It's still running the old version, you have to recompile.

c(sqmfeedback).
sqmfeedback:main().

Yeah, I did that, so I have got to be missing something :confused:

2> sqmfeedback:main().
ping akamai.com with results: [194.0,195.0,223.0,241.0,242.0]
ping facebook.com with results: [184.0,195.0,230.0,232.0,239.0]
ping one.one.one.one with results: [186.0,198.0,231.0,236.0,250.0]
=ERROR REPORT==== 22-Feb-2020::19:28:19.309114 ===
Error in process <0.82.0> with exit value:
{badarg,[{erlang,binary_to_integer,"-",[]},
         {sqmfeedback,'-pingtimes_ms/3-lc$^1/1-1-',1,
                      [{file,"sqmfeedback.erl"},{line,11}]},
         {sqmfeedback,'-pingtimes_ms/3-lc$^1/1-1-',1,
                      [{file,"sqmfeedback.erl"},{line,11}]},
         {sqmfeedback,pingtimes_ms,3,[{file,"sqmfeedback.erl"},{line,11}]},
         {sqmfeedback,monitor_a_site,1,[{file,"sqmfeedback.erl"},{line,37}]}]}

=ERROR REPORT==== 22-Feb-2020::19:28:19.529679 ===
Error in process <0.88.0> with exit value:
{badarg,[{erlang,binary_to_integer,"-",[]},
         {sqmfeedback,'-pingtimes_ms/3-lc$^1/1-1-',1,
                      [{file,"sqmfeedback.erl"},{line,11}]},
         {sqmfeedback,'-pingtimes_ms/3-lc$^1/1-1-',1,
                      [{file,"sqmfeedback.erl"},{line,11}]},
         {sqmfeedback,pingtimes_ms,3,[{file,"sqmfeedback.erl"},{line,11}]},
         {sqmfeedback,monitor_a_site,1,[{file,"sqmfeedback.erl"},{line,37}]}]}

=ERROR REPORT==== 22-Feb-2020::19:28:19.569591 ===
Error in process <0.86.0> with exit value:
{badarg,[{erlang,binary_to_integer,"-",[]},
         {sqmfeedback,'-pingtimes_ms/3-lc$^1/1-1-',1,
                      [{file,"sqmfeedback.erl"},{line,11}]},
         {sqmfeedback,'-pingtimes_ms/3-lc$^1/1-1-',1,
                      [{file,"sqmfeedback.erl"},{line,11}]},
         {sqmfeedback,pingtimes_ms,3,[{file,"sqmfeedback.erl"},{line,11}]},
         {sqmfeedback,monitor_a_site,1,[{file,"sqmfeedback.erl"},{line,37}]}]}

ping cloudflare.com with results: [44.9,81.1,118.0,145.0,192.0]
ping amazon.com with results: [43.6,92.2,114.0,141.0,206.0]
ping quad9.net with results: [216.0,232.0,250.0,256.0,273.0]
ping facebook.com with results: [67.2,191.0,236.0,239.0,254.0]
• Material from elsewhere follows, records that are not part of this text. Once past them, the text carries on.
(* Let $\mu,\nu$ be probability measures on $\mathbb{R}^d$ with finite first moments, both equivalent to (i.e. mutually absolutely continuous with) the $d$-dimensional Lebesgue measure $\lambda$. Then \[ \inf_{f\in \mathcal{C}^1(\mathbb{R}^d)}\left(\int f\,d\nu - \int f\,d\mu \right)=\inf_{\rho\in \mathcal{P}^1(\mathbb{R}^d)} \left( C(\nu,\rho)-C(\mu,\rho)\right), \] where $\mathcal{P}^1(\mathbb{R}^d):=\{\rho\in \mathcal{P}(\mathbb{R}^d): \mathrm{supp}(\rho)\subseteq B_1(0)\}$ and $\mathcal{C}^1(\mathbb{R}^d):=\{f:\mathbb{R}^d\to \mathbb{R} \text{ convex}: \|\partial f\|_\infty\le 1\}$.
   Context: $\mathcal{P}(\mathbb{R}^d)$ is the set of Borel probability measures on $\mathbb{R}^d$; $B_1(0)$ is the Euclidean unit ball. For a convex $f$, $\partial f(x):=\{y: f(x')-f(x)\ge\langle y,x'-x\rangle\ \forall x'\}$ is the subdifferential and $\|\partial f\|_\infty:=\sup_{x\in\mathbb{R}^d}\sup_{y\in\partial f(x)}|y|$. For probability measures $\alpha,\rho$, $\Pi(\alpha,\rho)$ is the set of couplings and $C(\alpha,\rho):=\sup_{\pi\in\Pi(\alpha,\rho)}\int\langle x,y\rangle\,\pi(dx,dy)$. *)

theory Defs
  imports "HOL-Probability.Probability"
begin

definition subdiff :: "('a::real_inner \<Rightarrow> real) \<Rightarrow> 'a \<Rightarrow> 'a set" where
  "subdiff f x = {y. \<forall>x'. f x' - f x \<ge> inner y (x' - x)}"

definition convex_lip1 :: "('a::euclidean_space \<Rightarrow> real) set" where
  "convex_lip1 = {f. convex_on UNIV f \<and> (\<forall>x. \<forall>y\<in>subdiff f x. norm y \<le> 1)}"

definition borel_prob :: "('a::euclidean_space) measure set" where
  "borel_prob = {M. prob_space M \<and> sets M = sets borel}"

definition measure_support :: "('a::metric_space) measure \<Rightarrow> 'a set" where
  "measure_support M = {x. \<forall>e>0. emeasure M (ball x e) > 0}"

definition prob_unit_ball :: "('a::euclidean_space) measure set" where
  "prob_unit_ball = {\<rho>\<in>borel_prob. measure_support \<rho> \<subseteq> cball 0 1}"

definition couplings :: "'a::euclidean_space measure \<Rightarrow> 'a measure \<Rightarrow> ('a \<times> 'a) measure set" where
  "couplings \<alpha> \<rho> = {\<pi>. prob_space \<pi> \<and> sets \<pi> = sets (borel \<Otimes>\<^sub>M borel)
      \<and> distr \<pi> borel fst = \<alpha> \<and> distr \<pi> borel snd = \<rho>}"

definition corr_cost :: "'a::euclidean_space measure \<Rightarrow> 'a measure \<Rightarrow> real" where
  "corr_cost \<alpha> \<rho> = (SUP \<pi>\<in>couplings \<alpha> \<rho>. integral\<^sup>L \<pi> (\<lambda>(x, y). inner x y))"

end

(*
  Both infima are bounded below by minus the sum of the first moments of mu and nu, so it
  suffices to approximate each side by the other up to any e > 0.

  Given f in C^1, approximate f from below by a maximum F of finitely many affine functions
  <x, y_i> - c_i with |y_i| <= 1. Pushing mu forward along the slope that is active at x
  gives rho in P^1 whose graph coupling yields C(mu, rho) >= int F dmu + int F* drho, while
  the Fenchel-Young inequality <x, y> <= F(x) + F*(y) yields C(nu, rho) <= int F dnu +
  int F* drho. Hence C(nu, rho) - C(mu, rho) <= int F dnu - int F dmu.

  Given rho in P^1, quantize it by a map T with |T y - y| < delta onto finitely many atoms z
  of masses b_z. Semi-discrete optimal transport (minimizing the dual objective
  v |-> int max_z (<x, z> - v_z) dnu + sum_z b_z v_z) provides a potential v such that the
  Laguerre cells of f = max_z (<x, z> - v_z), which lies in C^1, have nu-masses b_z; this is
  where nu << Lebesgue is needed, as nu must not charge the hyperplanes on which two affine
  pieces tie. The coupling that matches each cell to its atom gives
  C(nu, rho) >= int f dnu + sum_z b_z v_z - delta int |x| dnu, and Fenchel-Young gives
  C(mu, rho) <= int f dmu + sum_z b_z v_z + delta int |x| dmu.
*)
theory Submission
  imports Defs
begin

section \<open>Convex functions with subgradients in the unit ball\<close>

lemma subdiff_nonempty:
  fixes f :: "'a::euclidean_space \<Rightarrow> real"
  assumes "convex_on UNIV f"
  shows "subdiff f x0 \<noteq> {}"
proof -
  define B where "B = {x0} \<times> {..<f x0}"
  have "convex (epigraph UNIV f)" using assms by (rule convex_epigraphI)
  moreover have "convex B" unfolding B_def by (intro convex_Times convex_singleton convex_real_interval)
  moreover have "epigraph UNIV f \<inter> B = {}" "epigraph UNIV f \<noteq> {}" "B \<noteq> {}"
    by (auto simp: epigraph_def B_def)
  ultimately obtain a c where "a \<noteq> 0" "\<forall>p\<in>epigraph UNIV f. inner a p \<le> c" "\<forall>p\<in>B. c \<le> inner a p"
    using separating_hyperplane_sets by metis
  moreover obtain a1 a2 where "a = (a1, a2)" by fastforce
  ultimately have "(a1, a2) \<noteq> 0"
    and above: "\<And>x t. f x \<le> t \<Longrightarrow> inner a1 x + a2 * t \<le> c"
    and below: "\<And>t. t < f x0 \<Longrightarrow> c \<le> inner a1 x0 + a2 * t"
    by (auto simp: epigraph_def B_def inner_Pair)
  have "a2 \<le> 0" using above[of x0 "f x0 + 1"] below[of "f x0 - 1"] by (simp add: algebra_simps)
  moreover have "a2 \<noteq> 0"
  proof
    assume "a2 = 0"
    then have "inner a1 (x0 + a1) \<le> inner a1 x0"
      using above[OF order_refl, of "x0 + a1"] below[of "f x0 - 1"] by simp
    then have "inner a1 a1 \<le> 0" by (simp add: inner_add_right)
    then have "a1 = 0" by (metis inner_ge_zero inner_eq_zero_iff order_antisym)
    with \<open>a2 = 0\<close> \<open>(a1, a2) \<noteq> 0\<close> show False by (simp add: zero_prod_def)
  qed
  ultimately have a2: "a2 < 0" by simp
  have "c \<le> inner a1 x0 + a2 * f x0"
  proof (rule field_le_epsilon)
    fix e :: real assume "0 < e"
    then show "c \<le> inner a1 x0 + a2 * f x0 + e"
      using below[of "f x0 + e / a2"] a2 by (simp add: divide_pos_neg algebra_simps)
  qed
  then have "inner a1 (x - x0) \<le> - a2 * (f x - f x0)" for x
    using above[OF order_refl, of x] by (simp add: inner_diff_right algebra_simps)
  then have "inner (- (a1 /\<^sub>R a2)) (x - x0) \<le> f x - f x0" for x
    using a2 by (simp add: field_simps)
  then show ?thesis unfolding subdiff_def by blast
qed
I'm guessing some of the sites are not responding to pings and instead of getting a time it's getting some other garbage... then that thread is dying... Let it die, the other threads continue to work... let it run for a while and see what happens with just the "good" sites. I'll work on more error handling later. :wink:

will do, seems I may have removed a necessary space when I changed the bandwidth values, I'm checking to make sure everything is the same as you have it

=ERROR REPORT==== 22-Feb-2020::19:39:57.895071 ===
Error in process <0.88.0> with exit value:
{badarg,[{erlang,binary_to_integer,"-",[]},
         {sqmfeedback,'-pingtimes_ms/3-lc$^1/1-1-',1,
                      [{file,"sqmfeedback.erl"},{line,11}]},
         {sqmfeedback,'-pingtimes_ms/3-lc$^1/1-1-',1,
                      [{file,"sqmfeedback.erl"},{line,11}]},
         {sqmfeedback,pingtimes_ms,3,[{file,"sqmfeedback.erl"},{line,11}]},
         {sqmfeedback,monitor_a_site,5,[{file,"sqmfeedback.erl"},{line,24}]}]}

yes, constant pings, and this error now

So close! xD

 90    bandwidth ~BKbit dual-srchost overhead 34 ", 900, 999, 1024}]
                             removed the space  ^
 91	  al-dsthost nat overhead 34 ingress",   1024, 3400, 6944},

Here's my only issue now

ping gstatic.com with results: [42.4,42.7,42.8,43.1,44.0]
ping cloudflare.com with results: [41.0,41.7,41.9,41.9,42.1]
ping facebook.com with results: [42.9,43.1,43.4,44.6,45.3]
Checking up on things: 1582420875
=ERROR REPORT==== 22-Feb-2020::20:21:16.004000 ===
Error in process <0.91.0> with exit value:
{badarg,[{io,format,
             [<0.63.0>,
              "tc qdisc change root dev pppoe-wan cake bandwidth ~BKbit dual-srchost overhead 34",
              [3629.0778505877756]],
             []},
         {sqmfeedback,adjuster,1,[{file,"sqmfeedback.erl"},{line,68}]}]}

pushed a change to round that float before printing it as an integer.... try it out.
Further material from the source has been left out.